- _Data for processing_
════════════════

lemma prob_successes_eq_pos:
  assumes "finite R" "R \<subseteq> I" "prob {\<omega> \<in> space M. successes X A R \<omega> = m} > 0"
  shows "m \<le> card R" and "0 < m \<Longrightarrow> q \<noteq> 0"
proof -
  have prob_eq: "prob {\<omega> \<in> space M. successes X A R \<omega> = m}
      = real (card R choose m) * q ^ m * (1 - q) ^ (card R - m)"
    using prob_successes_eq[of "{}" R "\<lambda>_. {}" m] assms(1,2) by simp
  show "m \<le> card R"
  proof (rule ccontr)
    assume "\<not> m \<le> card R"
    then show False
      using assms(3) unfolding prob_eq by (simp add: not_le binomial_eq_0)
  qed
  show "q \<noteq> 0" if "0 < m"
  proof
    assume "q = 0"
    then show False
      using assms(3) that unfolding prob_eq by (simp add: zero_power)
  qed
qed

lemma prob_successes_eq_shift:
  assumes "finite R" "R \<subseteq> I" "2 \<le> m"
  shows "real m * (real m - 1) * prob {\<omega> \<in> space M. successes X A R \<omega> = m}
    = real (card R) * (real (card R) - 1) * q\<^sup>2
      * (real (card R - 2 choose (m - 2)) * q ^ (m - 2) * (1 - q) ^ (card R - m))"
proof -
  have "real m * (real m - 1) * real (card R choose m) = real (m * (m - 1) * (card R choose m))"
    using assms(3) by (simp add: of_nat_diff)
  also have "\<dots> = real (card R * (card R - 1) * (card R - 2 choose (m - 2)))"
    using times_binomial_minus2_eq[OF assms(3)] by (simp only:)
  also have "\<dots> = real (card R) * (real (card R) - 1) * real (card R - 2 choose (m - 2))"
    by (cases "card R") (simp_all add: algebra_simps)
  finally have binomial: "real m * (real m - 1) * real (card R choose m)
      = real (card R) * (real (card R) - 1) * real (card R - 2 choose (m - 2))" .
  have "q ^ m = q\<^sup>2 * q ^ (m - 2)"
    using assms(3) by (metis le_add_diff_inverse power_add)
  then show ?thesis
    using prob_successes_eq[of "{}" R "\<lambda>_. {}" m] assms(1,2) binomial
    by (simp add: mult_ac)
qed

lemma prob_pair_successes:
  assumes R: "finite R" "R \<subseteq> I" "i \<in> R" "j \<in> R" "i \<noteq> j"
    and B: "B \<in> sets S" "B \<subseteq> A" "B' \<in> sets S" "B' \<subseteq> A" and m: "2 \<le> m"
  shows "prob {\<omega> \<in> space M. X i \<omega> \<in> B \<and> X j \<omega> \<in> B' \<and> successes X A R \<omega> = m}
    = prob {\<omega> \<in> space M. X i \<omega> \<in> B} * prob {\<omega> \<in> space M. X j \<omega> \<in> B'}
      * (real (card R - 2 choose (m - 2)) * q ^ (m - 2) * (1 - q) ^ (card R - m))"
proof -
  let ?B = "\<lambda>k. if k = i then B else B'"
  have events_eq: "{\<omega> \<in> space M. X i \<omega> \<in> B \<and> X j \<omega> \<in> B' \<and> successes X A R \<omega> = m}
      = {\<omega> \<in> space M. (\<forall>k\<in>{i, j}. X k \<omega> \<in> ?B k) \<and> successes X A (R - {i, j}) \<omega> = m - 2}"
  proof (intro Collect_cong)
    fix \<omega>
    have pair_iff: "(\<forall>k\<in>{i, j}. X k \<omega> \<in> ?B k) \<longleftrightarrow> X i \<omega> \<in> B \<and> X j \<omega> \<in> B'"
      using R(5) by simp
    show "(\<omega> \<in> space M \<and> X i \<omega> \<in> B \<and> X j \<omega> \<in> B' \<and> successes X A R \<omega> = m)
      \<longleftrightarrow> (\<omega> \<in> space M \<and> (\<forall>k\<in>{i, j}. X k \<omega> \<in> ?B k) \<and> successes X A (R - {i, j}) \<omega> = m - 2)"
    proof (cases "X i \<omega> \<in> B \<and> X j \<omega> \<in> B'")
      case True
      then have "successes X A R \<omega> = successes X A (R - {i, j}) \<omega> + 2"
        using B(2,4) by (intro successes_remove_two[OF R(1,3-5)]) auto
      then show ?thesis
        using pair_iff m by auto
    qed (use pair_iff in auto)
  qed
  have "prob {\<omega> \<in> space M. X i \<omega> \<in> B \<and> X j \<omega> \<in> B' \<and> successes X A R \<omega> = m}
      = (\<Prod>k\<in>{i, j}. prob {\<omega> \<in> space M. X k \<omega> \<in> ?B k})
        * real (card (R - {i, j}) choose (m - 2)) * q ^ (m - 2) * (1 - q) ^ (card (R - {i, j}) - (m - 2))"
    unfolding events_eq by (rule prob_successes_eq) (use R B in auto)
  also have "card (R - {i, j}) = card R - 2"
    using R by (simp add: card_Diff_subset)
  also have "card R - 2 - (m - 2) = card R - m"
    using m by simp
  also have "(\<Prod>k\<in>{i, j}. prob {\<omega> \<in> space M. X k \<omega> \<in> ?B k})
      = prob {\<omega> \<in> space M. X i \<omega> \<in> B} * prob {\<omega> \<in> space M. X j \<omega> \<in> B'}"
    using R(5) by simp
  finally show ?thesis
    by (simp only: mult.assoc)
qed

lemma integral_successes_mult_successes:
  assumes "finite P" "finite Q" "P \<subseteq> I" "Q \<subseteq> I" "P \<inter> Q = {} \<or> B \<inter> B' = {}"
    and "B \<in> sets S" "B' \<in> sets S" "E \<in> events"
  shows "(\<integral>\<omega>. real (successes X B P \<omega>) * real (successes X B' Q \<omega>) * indicator E \<omega> \<partial>M)
    = (\<Sum>(i, j)\<in>{(i, j) \<in> P \<times> Q. i \<noteq> j}. prob ({\<omega> \<in> space M. X i \<omega> \<in> B \<and> X j \<omega> \<in> B'} \<inter> E))"
proof -
  let ?pairs = "{(i, j) \<in> P \<times> Q. i \<noteq> j}"
  let ?E = "\<lambda>(i, j). {\<omega> \<in> space M. X i \<omega> \<in> B \<and> X j \<omega> \<in> B'} \<inter> E"
  have "real (successes X B P \<omega>) * real (successes X B' Q \<omega>) * indicator E \<omega>
      = real (card {p \<in> ?pairs. \<omega> \<in> ?E p})" if "\<omega> \<in> space M" for \<omega>
  proof -
    have "{p \<in> ?pairs. \<omega> \<in> ?E p}
        = (if \<omega> \<in> E then {(i, j) \<in> P \<times> Q. i \<noteq> j \<and> X i \<omega> \<in> B \<and> X j \<omega> \<in> B'} else {})"
      using that by auto
    then show ?thesis
      using successes_mult_successes[OF assms(1,2,5), of X \<omega>] by (simp flip: of_nat_mult)
  qed
  then have "(\<integral>\<omega>. real (successes X B P \<omega>) * real (successes X B' Q \<omega>) * indicator E \<omega> \<partial>M)
      = (\<integral>\<omega>. real (card {p \<in> ?pairs. \<omega> \<in> ?E p}) \<partial>M)"
    by (intro Bochner_Integration.integral_cong) auto
  also have "\<dots> = (\<Sum>p\<in>?pairs. prob (?E p))"
  proof (rule integral_card_events)
    show "finite ?pairs"
      using assms(1,2) by (auto intro: finite_subset[of _ "P \<times> Q"])
    show "?E p \<in> events" if "p \<in> ?pairs" for p
      using that assms(3,4,6-8) events_X
      by (auto simp: Collect_conj_eq2 split: prod.splits intro!: sets.Int)
  qed
  finally show ?thesis
    by (simp only: case_prod_beta')
qed

lemma cond_exp_successes_mult_successes:
  assumes R: "finite R" "R \<subseteq> I"
    and PQ: "P \<subseteq> R" "Q \<subseteq> R" "P \<inter> Q = {} \<or> B \<inter> B' = {}"
    and B: "B \<in> sets S" "B \<subseteq> A" "B' \<in> sets S" "B' \<subseteq> A"
    and prob_B: "\<And>k. k \<in> P \<Longrightarrow> prob {\<omega> \<in> space M. X k \<omega> \<in> B} = b"
    and prob_B': "\<And>k. k \<in> Q \<Longrightarrow> prob {\<omega> \<in> space M. X k \<omega> \<in> B'} = b'"
    and pos: "prob {\<omega> \<in> space M. successes X A R \<omega> = m} > 0"
  shows "disc_cond_exp M (\<lambda>\<omega>. real (successes X B P \<omega>) * real (successes X B' Q \<omega>)) (successes X A R) m
    = real (card {(i, j) \<in> P \<times> Q. i \<noteq> j}) * b * b' * (real m * (real m - 1))
      / (real (card R) * (real (card R) - 1) * q\<^sup>2)"
proof -
  let ?pairs = "{(i, j) \<in> P \<times> Q. i \<noteq> j}"
  define Em where "Em = {\<omega> \<in> space M. successes X A R \<omega> = m}"
  have fin: "finite P" "finite Q" "P \<subseteq> I" "Q \<subseteq> I"
    using R PQ finite_subset by auto
  have "Em \<in> events"
    using events_successes_eq[of "{}" R "\<lambda>_. {}" m] R unfolding Em_def by simp
  then have integral: "(\<integral>\<omega>. real (successes X B P \<omega>) * real (successes X B' Q \<omega>) * indicator Em \<omega> \<partial>M)
      = (\<Sum>(i, j)\<in>?pairs. prob ({\<omega> \<in> space M. X i \<omega> \<in> B \<and> X j \<omega> \<in> B'} \<inter> Em))"
    by (rule integral_successes_mult_successes[OF fin PQ(3) B(1,3)])
  have pair_event: "{\<omega> \<in> space M. X i \<omega> \<in> B \<and> X j \<omega> \<in> B'} \<inter> Em
      = {\<omega> \<in> space M. X i \<omega> \<in> B \<and> X j \<omega> \<in> B' \<and> successes X A R \<omega> = m}" for i j
    by (auto simp: Em_def)
  show ?thesis
  proof (cases "2 \<le> m")
    case False
    have "prob {\<omega> \<in> space M. X i \<omega> \<in> B \<and> X j \<omega> \<in> B' \<and> successes X A R \<omega> = m} = 0"
      if "(i, j) \<in> ?pairs" for i j
    proof -
      have "i \<in> R" "j \<in> R" "i \<noteq> j"
        using that PQ by auto
      with False have "{\<omega> \<in> space M. X i \<omega> \<in> B \<and> X j \<omega> \<in> B' \<and> successes X A R \<omega> = m} = {}"
        by (intro pair_successes_less_two[OF R(1) _ _ _ B(2,4)]) auto
      then show ?thesis
        by (simp only: measure_empty)
    qed
    then have "(\<Sum>(i, j)\<in>?pairs. prob {\<omega> \<in> space M. X i \<omega> \<in> B \<and> X j \<omega> \<in> B' \<and> successes X A R \<omega> = m}) = 0"
      by (intro sum.neutral) auto
    moreover have "real m * (real m - 1) = 0"
      using False by (cases m) auto
    ultimately show ?thesis
      unfolding disc_cond_exp_def Em_def[symmetric] integral pair_event by simp
  next
    case True
    define W where "W = real (card R - 2 choose (m - 2)) * q ^ (m - 2) * (1 - q) ^ (card R - m)"
    have "prob {\<omega> \<in> space M. X i \<omega> \<in> B \<and> X j \<omega> \<in> B' \<and> successes X A R \<omega> = m} = b * b' * W"
      if "(i, j) \<in> ?pairs" for i j
      using that PQ prob_B prob_B' prob_pair_successes[OF R _ _ _ B True, of i j]
      by (auto simp: W_def)
    then have sum: "(\<Sum>(i, j)\<in>?pairs. prob ({\<omega> \<in> space M. X i \<omega> \<in> B \<and> X j \<omega> \<in> B'} \<inter> Em))
        = real (card ?pairs) * b * b' * W"
      unfolding pair_event by (simp add: case_prod_beta')
    have key: "real m * (real m - 1) * prob Em = real (card R) * (real (card R) - 1) * q\<^sup>2 * W"
      using prob_successes_eq_shift[OF R True] by (simp add: Em_def W_def)
    have nonzero: "prob Em \<noteq> 0" "real m * (real m - 1) \<noteq> 0"
      using pos True by (auto simp: Em_def)
    have denominator: "real (card R) * (real (card R) - 1) * q\<^sup>2 \<noteq> 0"
      using key nonzero by (metis mult_eq_0_iff)
    have "W / prob Em = real m * (real m - 1) / (real (card R) * (real (card R) - 1) * q\<^sup>2)"
      unfolding frac_eq_eq[OF nonzero(1) denominator] using key by (simp only: mult.commute)
    then show ?thesis
      unfolding disc_cond_exp_def Em_def[symmetric] integral sum
      by (simp only: times_divide_eq_right[symmetric])
  qed
qed

lemma cond_exp_successes_disjoint_groups:
  assumes R: "finite R" "R \<subseteq> I" and PQ: "P \<subseteq> R" "Q \<subseteq> R" "P \<inter> Q = {}"
    and pos: "prob {\<omega> \<in> space M. successes X A R \<omega> = m} > 0"
  shows "disc_cond_exp M (\<lambda>\<omega>. real (successes X A P \<omega>) * real (successes X A Q \<omega>)) (successes X A R) m
    = real m * (real m - 1) * real (card P) * real (card Q) / (real (card R) * (real (card R) - 1))"
proof -
  have "disc_cond_exp M (\<lambda>\<omega>. real (successes X A P \<omega>) * real (successes X A Q \<omega>)) (successes X A R) m
      = real (card {(i, j) \<in> P \<times> Q. i \<noteq> j}) * q * q * (real m * (real m - 1))
        / (real (card R) * (real (card R) - 1) * q\<^sup>2)"
    by (rule cond_exp_successes_mult_successes) (use R PQ prob_A pos sets_A in auto)
  also have "{(i, j) \<in> P \<times> Q. i \<noteq> j} = P \<times> Q"
    using PQ(3) by auto
  also have "real (card (P \<times> Q)) * q * q * (real m * (real m - 1)) / (real (card R) * (real (card R) - 1) * q\<^sup>2)
      = real m * (real m - 1) * real (card P) * real (card Q) / (real (card R) * (real (card R) - 1))"
  proof (cases "2 \<le> m")
    case True
    then have "real (card R) * (real (card R) - 1) \<noteq> 0" "q \<noteq> 0"
      using prob_successes_eq_pos[OF R pos] by simp_all
    then show ?thesis
      by (simp add: card_cartesian_product field_simps power2_eq_square)
  next
    case False
    then have "real m * (real m - 1) = 0"
      by (cases m) auto
    then show ?thesis
      by (simp only: mult_zero_left mult_zero_right div_0)
  qed
  finally show ?thesis .
qed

════════════════

- _Problem statement_
Copy each line of the listing in which the word "finally" can be found.

- _Answer section_
  finally have binomial: "real m * (real m - 1) * real (card R choose m)
  finally show ?thesis
  finally show ?thesis
  finally show ?thesis .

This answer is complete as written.